EXERCISE INSTRUCTIONS. Repeat the listing that follows without a single change.

- - - -

lemma O_d_covering:
  assumes "d \<in> {1, 2, 3, 7, 11}"
  shows "\<exists>\<beta>\<in>O_d d. (cmod (z - \<beta>))\<^sup>2 \<le> 15 / 16"
proof -
  let ?w = "omega_d d"
  have Im_pos: "Im ?w > 0" and Im_sq: "(Im ?w)\<^sup>2 \<le> 11 / 4"
    using assms by (auto simp: Im_omega_d power_divide)
  define y where "y = round (Im z / Im ?w)"
  define x where "x = round (Re z - of_int y * Re ?w)"
  define \<beta> where "\<beta> = of_int x + of_int y * ?w"
  have "\<beta> \<in> O_d d"
    unfolding \<beta>_def O_d_iff by blast
  have "\<bar>Im z / Im ?w - of_int y\<bar> \<le> 1 / 2"
    unfolding y_def using of_int_round_abs_le[of "Im z / Im ?w"] by linarith
  moreover have "Im (z - \<beta>) = Im ?w * (Im z / Im ?w - of_int y)"
    using Im_pos by (simp add: \<beta>_def field_simps)
  ultimately have "\<bar>Im (z - \<beta>)\<bar> \<le> Im ?w / 2"
    using Im_pos by (simp add: abs_mult)
  then have "(Im (z - \<beta>))\<^sup>2 \<le> (Im ?w / 2)\<^sup>2"
    by (metis abs_ge_zero power2_abs power_mono)
  moreover have "\<bar>Re (z - \<beta>)\<bar> \<le> 1 / 2"
    unfolding \<beta>_def x_def using of_int_round_abs_le[of "Re z - of_int y * Re ?w"]
    by (simp add: abs_minus_commute algebra_simps)
  then have "(Re (z - \<beta>))\<^sup>2 \<le> (1 / 2)\<^sup>2"
    by (metis abs_ge_zero power2_abs power_mono)
  ultimately have "(cmod (z - \<beta>))\<^sup>2 \<le> 1 / 4 + (Im ?w)\<^sup>2 / 4"
    by (simp add: cmod_power2 power_divide)
  also have "\<dots> \<le> 15 / 16"
    using Im_sq by simp
  finally show ?thesis
    using \<open>\<beta> \<in> O_d d\<close> by blast
qed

- - - -

TASK ANSWER.
lemma O_d_covering:
  assumes "d \<in> {1, 2, 3, 7, 11}"
  shows "\<exists>\<beta>\<in>O_d d. (cmod (z - \<beta>))\<^sup>2 \<le> 15 / 16"
proof -
  let ?w = "omega_d d"
  have Im_pos: "Im ?w > 0" and Im_sq: "(Im ?w)\<^sup>2 \<le> 11 / 4"
    using assms by (auto simp: Im_omega_d power_divide)
  define y where "y = round (Im z / Im ?w)"
  define x where "x = round (Re z - of_int y * Re ?w)"
  define \<beta> where "\<beta> = of_int x + of_int y * ?w"
  have "\<beta> \<in> O_d d"
    unfolding \<beta>_def O_d_iff by blast
  have "\<bar>Im z / Im ?w - of_int y\<bar> \<le> 1 / 2"
    unfolding y_def using of_int_round_abs_le[of "Im z / Im ?w"] by linarith
  moreover have "Im (z - \<beta>) = Im ?w * (Im z / Im ?w - of_int y)"
    using Im_pos by (simp add: \<beta>_def field_simps)
  ultimately have "\<bar>Im (z - \<beta>)\<bar> \<le> Im ?w / 2"
    using Im_pos by (simp add: abs_mult)
  then have "(Im (z - \<beta>))\<^sup>2 \<le> (Im ?w / 2)\<^sup>2"
    by (metis abs_ge_zero power2_abs power_mono)
  moreover have "\<bar>Re (z - \<beta>)\<bar> \<le> 1 / 2"
    unfolding \<beta>_def x_def using of_int_round_abs_le[of "Re z - of_int y * Re ?w"]
    by (simp add: abs_minus_commute algebra_simps)
  then have "(Re (z - \<beta>))\<^sup>2 \<le> (1 / 2)\<^sup>2"
    by (metis abs_ge_zero power2_abs power_mono)
  ultimately have "(cmod (z - \<beta>))\<^sup>2 \<le> 1 / 4 + (Im ?w)\<^sup>2 / 4"
    by (simp add: cmod_power2 power_divide)
  also have "\<dots> \<le> 15 / 16"
    using Im_sq by simp
  finally show ?thesis
    using \<open>\<beta> \<in> O_d d\<close> by blast
qed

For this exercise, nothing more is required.